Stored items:
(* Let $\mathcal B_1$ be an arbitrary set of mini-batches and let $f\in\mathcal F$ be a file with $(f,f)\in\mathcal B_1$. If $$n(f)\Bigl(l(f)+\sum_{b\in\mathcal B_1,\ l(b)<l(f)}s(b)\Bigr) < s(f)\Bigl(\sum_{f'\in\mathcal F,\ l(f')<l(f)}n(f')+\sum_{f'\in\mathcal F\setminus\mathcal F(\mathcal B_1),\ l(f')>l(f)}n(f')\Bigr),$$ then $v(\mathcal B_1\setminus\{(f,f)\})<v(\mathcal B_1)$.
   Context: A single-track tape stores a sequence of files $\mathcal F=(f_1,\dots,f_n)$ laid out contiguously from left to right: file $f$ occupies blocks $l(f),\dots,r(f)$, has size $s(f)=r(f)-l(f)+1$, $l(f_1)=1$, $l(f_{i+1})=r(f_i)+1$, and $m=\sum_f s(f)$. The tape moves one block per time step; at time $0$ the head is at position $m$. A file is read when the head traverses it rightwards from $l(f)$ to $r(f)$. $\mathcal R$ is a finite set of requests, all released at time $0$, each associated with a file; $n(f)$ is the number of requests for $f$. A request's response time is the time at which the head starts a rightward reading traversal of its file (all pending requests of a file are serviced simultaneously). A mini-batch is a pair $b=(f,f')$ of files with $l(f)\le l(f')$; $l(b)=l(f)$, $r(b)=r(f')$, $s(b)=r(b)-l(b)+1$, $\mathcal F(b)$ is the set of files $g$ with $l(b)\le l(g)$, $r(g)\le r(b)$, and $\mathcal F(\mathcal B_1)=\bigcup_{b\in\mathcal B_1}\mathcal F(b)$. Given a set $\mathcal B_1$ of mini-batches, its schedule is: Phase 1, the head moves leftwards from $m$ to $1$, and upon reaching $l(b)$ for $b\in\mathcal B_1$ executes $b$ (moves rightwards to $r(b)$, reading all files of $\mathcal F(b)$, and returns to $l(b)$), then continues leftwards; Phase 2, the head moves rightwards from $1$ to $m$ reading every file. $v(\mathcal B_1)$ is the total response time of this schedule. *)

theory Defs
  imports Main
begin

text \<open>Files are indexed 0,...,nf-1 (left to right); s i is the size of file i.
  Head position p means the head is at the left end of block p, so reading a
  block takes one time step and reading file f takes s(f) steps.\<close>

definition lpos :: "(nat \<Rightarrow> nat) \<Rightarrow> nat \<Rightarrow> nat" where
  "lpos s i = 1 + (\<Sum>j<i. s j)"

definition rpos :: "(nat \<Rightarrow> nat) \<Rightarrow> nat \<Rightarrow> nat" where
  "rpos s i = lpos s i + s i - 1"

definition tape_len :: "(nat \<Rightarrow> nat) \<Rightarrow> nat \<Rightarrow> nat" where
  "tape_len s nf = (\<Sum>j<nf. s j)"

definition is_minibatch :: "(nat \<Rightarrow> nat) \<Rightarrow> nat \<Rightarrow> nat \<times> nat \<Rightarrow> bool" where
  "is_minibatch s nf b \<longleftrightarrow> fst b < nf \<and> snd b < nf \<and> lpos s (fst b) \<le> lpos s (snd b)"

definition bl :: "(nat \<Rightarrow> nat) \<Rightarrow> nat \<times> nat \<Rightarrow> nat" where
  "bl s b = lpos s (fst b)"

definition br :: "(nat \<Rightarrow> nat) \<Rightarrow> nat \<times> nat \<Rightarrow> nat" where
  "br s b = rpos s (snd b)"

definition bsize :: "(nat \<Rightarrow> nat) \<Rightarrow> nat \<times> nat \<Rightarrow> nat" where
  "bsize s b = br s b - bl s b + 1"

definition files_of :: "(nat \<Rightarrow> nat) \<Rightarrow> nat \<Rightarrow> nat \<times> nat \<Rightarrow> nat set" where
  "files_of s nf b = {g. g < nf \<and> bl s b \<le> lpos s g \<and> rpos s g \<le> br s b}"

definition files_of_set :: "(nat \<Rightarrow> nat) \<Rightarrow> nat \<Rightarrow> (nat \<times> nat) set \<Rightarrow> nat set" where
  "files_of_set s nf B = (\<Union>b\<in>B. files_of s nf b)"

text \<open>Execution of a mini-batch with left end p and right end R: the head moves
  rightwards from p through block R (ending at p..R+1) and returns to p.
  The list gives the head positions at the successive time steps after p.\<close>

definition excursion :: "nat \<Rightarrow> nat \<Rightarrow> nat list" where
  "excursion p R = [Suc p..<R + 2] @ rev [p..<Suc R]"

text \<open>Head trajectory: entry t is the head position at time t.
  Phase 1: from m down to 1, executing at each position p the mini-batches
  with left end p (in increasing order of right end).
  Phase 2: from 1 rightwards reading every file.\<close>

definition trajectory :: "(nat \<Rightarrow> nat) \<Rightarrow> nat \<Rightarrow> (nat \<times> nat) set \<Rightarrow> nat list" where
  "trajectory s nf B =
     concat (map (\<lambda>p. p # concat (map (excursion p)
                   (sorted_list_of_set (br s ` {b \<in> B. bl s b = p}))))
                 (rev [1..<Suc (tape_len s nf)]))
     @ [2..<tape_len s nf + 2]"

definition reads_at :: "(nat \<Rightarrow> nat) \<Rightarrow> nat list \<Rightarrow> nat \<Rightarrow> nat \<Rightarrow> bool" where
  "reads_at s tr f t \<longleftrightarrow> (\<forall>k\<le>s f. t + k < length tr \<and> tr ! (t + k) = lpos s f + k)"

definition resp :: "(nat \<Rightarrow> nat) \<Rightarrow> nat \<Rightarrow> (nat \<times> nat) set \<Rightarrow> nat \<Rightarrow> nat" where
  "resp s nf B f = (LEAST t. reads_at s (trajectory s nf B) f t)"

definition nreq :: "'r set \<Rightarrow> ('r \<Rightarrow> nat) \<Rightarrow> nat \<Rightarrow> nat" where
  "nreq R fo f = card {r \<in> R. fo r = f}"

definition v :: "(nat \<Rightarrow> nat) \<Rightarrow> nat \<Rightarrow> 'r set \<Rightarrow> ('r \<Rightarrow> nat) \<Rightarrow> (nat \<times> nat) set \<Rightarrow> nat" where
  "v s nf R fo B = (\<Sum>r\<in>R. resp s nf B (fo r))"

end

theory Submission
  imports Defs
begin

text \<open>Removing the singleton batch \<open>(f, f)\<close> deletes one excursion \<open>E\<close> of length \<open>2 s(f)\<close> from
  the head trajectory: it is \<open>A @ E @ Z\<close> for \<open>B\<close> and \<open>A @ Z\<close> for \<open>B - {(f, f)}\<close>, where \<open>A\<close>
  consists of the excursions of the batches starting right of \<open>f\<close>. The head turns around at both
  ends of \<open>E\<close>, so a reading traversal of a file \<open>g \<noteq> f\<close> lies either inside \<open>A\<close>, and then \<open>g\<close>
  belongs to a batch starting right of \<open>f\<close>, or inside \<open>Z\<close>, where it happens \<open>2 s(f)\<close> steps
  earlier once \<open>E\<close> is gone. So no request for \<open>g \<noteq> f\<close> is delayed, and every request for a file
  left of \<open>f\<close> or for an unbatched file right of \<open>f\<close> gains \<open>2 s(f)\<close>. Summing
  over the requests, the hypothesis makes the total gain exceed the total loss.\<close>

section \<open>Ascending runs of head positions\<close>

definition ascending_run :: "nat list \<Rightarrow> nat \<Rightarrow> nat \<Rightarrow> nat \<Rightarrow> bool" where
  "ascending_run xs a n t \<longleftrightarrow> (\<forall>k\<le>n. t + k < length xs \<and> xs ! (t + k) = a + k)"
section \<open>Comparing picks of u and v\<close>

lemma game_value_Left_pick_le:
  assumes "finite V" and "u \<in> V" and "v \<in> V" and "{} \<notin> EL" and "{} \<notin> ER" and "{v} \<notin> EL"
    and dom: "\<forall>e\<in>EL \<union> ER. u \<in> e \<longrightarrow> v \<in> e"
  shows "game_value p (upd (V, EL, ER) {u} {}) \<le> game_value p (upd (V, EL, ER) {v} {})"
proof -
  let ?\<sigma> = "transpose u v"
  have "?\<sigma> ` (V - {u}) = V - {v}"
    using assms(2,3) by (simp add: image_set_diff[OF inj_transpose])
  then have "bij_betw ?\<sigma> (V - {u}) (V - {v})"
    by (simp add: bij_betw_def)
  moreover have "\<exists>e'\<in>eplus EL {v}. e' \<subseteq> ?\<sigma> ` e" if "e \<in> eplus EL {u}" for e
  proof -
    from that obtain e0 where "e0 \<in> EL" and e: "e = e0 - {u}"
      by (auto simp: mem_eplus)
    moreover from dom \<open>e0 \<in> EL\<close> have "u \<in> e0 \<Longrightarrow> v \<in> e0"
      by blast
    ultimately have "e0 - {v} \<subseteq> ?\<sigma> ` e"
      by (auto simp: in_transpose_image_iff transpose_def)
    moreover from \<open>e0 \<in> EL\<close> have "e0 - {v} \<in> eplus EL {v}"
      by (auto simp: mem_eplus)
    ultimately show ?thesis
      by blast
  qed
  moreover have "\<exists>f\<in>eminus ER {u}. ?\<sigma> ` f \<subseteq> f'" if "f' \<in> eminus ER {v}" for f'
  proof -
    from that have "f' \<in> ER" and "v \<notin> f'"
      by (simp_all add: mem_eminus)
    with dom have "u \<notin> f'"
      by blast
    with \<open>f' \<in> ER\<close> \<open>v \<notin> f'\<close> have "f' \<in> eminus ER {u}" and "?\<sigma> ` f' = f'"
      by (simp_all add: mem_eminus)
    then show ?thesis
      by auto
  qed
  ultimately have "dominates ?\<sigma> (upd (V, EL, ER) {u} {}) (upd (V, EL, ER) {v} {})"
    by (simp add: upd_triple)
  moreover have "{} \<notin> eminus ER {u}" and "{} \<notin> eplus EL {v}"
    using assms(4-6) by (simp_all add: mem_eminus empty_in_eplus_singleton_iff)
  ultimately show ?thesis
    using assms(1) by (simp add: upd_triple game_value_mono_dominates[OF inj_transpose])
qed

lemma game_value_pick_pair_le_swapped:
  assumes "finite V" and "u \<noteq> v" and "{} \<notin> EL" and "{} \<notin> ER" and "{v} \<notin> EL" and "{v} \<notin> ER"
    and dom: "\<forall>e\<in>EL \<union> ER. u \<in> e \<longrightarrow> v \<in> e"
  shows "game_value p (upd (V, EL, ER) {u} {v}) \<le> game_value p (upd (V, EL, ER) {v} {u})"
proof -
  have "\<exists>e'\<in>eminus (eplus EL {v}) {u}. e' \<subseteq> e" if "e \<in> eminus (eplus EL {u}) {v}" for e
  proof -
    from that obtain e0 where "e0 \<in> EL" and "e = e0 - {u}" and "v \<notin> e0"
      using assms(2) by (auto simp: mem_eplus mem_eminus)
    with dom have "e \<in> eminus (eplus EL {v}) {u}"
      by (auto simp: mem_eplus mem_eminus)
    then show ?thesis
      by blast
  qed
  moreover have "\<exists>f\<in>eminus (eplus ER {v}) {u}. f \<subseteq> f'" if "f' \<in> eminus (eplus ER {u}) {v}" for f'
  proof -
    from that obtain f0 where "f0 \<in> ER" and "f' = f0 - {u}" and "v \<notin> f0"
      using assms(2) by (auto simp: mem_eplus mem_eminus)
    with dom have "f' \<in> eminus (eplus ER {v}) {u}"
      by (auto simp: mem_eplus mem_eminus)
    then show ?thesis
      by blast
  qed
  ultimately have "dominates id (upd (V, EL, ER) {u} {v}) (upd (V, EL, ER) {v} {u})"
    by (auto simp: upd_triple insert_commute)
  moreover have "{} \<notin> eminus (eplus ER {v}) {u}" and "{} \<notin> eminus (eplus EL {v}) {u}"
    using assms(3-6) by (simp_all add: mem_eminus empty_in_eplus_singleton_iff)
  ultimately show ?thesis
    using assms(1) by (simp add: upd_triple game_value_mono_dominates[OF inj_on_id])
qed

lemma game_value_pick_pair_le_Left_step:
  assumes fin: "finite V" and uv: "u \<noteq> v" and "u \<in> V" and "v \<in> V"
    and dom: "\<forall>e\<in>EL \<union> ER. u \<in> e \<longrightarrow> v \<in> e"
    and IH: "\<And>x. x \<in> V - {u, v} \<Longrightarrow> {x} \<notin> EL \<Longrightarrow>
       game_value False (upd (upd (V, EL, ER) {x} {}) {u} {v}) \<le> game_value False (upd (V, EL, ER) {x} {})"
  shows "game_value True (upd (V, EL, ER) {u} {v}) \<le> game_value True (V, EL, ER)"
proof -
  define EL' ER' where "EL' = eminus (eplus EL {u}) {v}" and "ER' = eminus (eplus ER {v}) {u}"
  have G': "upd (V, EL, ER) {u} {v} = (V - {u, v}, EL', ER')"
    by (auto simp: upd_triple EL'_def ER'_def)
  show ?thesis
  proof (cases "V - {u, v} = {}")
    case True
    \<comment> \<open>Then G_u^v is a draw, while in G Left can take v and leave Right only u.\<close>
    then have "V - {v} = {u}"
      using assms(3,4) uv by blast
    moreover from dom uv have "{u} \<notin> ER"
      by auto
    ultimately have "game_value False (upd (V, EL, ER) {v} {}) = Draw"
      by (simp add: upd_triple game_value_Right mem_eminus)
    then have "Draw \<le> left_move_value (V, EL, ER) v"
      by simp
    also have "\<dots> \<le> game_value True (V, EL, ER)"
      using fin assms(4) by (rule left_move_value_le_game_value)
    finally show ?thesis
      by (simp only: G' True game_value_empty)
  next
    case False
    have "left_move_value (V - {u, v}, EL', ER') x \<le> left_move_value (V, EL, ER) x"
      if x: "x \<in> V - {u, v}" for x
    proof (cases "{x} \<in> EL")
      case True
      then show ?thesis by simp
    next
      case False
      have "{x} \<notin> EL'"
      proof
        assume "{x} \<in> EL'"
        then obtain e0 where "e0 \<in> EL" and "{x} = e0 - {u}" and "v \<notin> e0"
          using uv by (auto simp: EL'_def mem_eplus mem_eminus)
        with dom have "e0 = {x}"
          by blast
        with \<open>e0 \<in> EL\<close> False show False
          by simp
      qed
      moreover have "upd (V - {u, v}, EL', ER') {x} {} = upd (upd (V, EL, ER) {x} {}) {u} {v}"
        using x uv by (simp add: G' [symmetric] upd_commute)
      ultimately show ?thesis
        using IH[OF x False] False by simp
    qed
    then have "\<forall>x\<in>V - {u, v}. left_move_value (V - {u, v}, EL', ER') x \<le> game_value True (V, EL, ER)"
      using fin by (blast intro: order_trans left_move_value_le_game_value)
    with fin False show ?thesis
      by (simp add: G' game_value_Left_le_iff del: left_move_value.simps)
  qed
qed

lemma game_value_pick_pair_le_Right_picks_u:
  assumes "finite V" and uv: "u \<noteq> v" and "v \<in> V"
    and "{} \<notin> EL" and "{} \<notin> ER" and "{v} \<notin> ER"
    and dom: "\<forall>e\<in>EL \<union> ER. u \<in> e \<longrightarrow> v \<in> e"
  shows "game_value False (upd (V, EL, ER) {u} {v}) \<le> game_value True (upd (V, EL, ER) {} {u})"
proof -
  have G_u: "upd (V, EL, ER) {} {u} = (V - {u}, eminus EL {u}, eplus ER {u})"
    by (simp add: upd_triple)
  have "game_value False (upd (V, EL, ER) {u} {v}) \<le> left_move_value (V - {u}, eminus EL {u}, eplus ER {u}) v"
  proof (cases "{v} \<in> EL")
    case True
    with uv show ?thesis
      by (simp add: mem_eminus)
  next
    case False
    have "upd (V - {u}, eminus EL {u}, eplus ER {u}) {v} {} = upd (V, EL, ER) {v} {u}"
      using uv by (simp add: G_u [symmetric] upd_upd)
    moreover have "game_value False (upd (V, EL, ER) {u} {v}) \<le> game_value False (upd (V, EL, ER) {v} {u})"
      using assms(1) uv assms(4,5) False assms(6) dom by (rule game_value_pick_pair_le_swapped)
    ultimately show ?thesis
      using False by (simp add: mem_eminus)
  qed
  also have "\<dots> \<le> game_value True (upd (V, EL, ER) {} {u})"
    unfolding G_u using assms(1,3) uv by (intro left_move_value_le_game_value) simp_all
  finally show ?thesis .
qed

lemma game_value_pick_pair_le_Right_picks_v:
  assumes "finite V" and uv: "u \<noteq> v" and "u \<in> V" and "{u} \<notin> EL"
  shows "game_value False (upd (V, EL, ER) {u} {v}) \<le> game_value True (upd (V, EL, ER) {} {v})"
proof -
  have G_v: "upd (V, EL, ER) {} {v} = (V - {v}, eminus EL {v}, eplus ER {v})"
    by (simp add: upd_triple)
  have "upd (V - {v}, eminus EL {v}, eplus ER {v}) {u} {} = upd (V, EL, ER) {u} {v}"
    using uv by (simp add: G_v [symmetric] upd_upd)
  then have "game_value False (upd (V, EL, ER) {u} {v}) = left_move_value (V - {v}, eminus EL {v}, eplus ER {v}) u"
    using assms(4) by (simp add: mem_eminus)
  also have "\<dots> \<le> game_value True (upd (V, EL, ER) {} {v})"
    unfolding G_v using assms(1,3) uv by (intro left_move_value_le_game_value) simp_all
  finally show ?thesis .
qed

→ Work item
From the data above, output only the lines between the line containing "nat) \<Rightarrow> nat list" and the line containing "set \<Rightarrow> nat \<Rightarrow>", inclusive, exactly as written.

→ Task result
definition reads_at :: "(nat \<Rightarrow> nat) \<Rightarrow> nat list \<Rightarrow> nat \<Rightarrow> nat \<Rightarrow> bool" where
  "reads_at s tr f t \<longleftrightarrow> (\<forall>k\<le>s f. t + k < length tr \<and> tr ! (t + k) = lpos s f + k)"

definition resp :: "(nat \<Rightarrow> nat) \<Rightarrow> nat \<Rightarrow> (nat \<times> nat) set \<Rightarrow> nat \<Rightarrow> nat" where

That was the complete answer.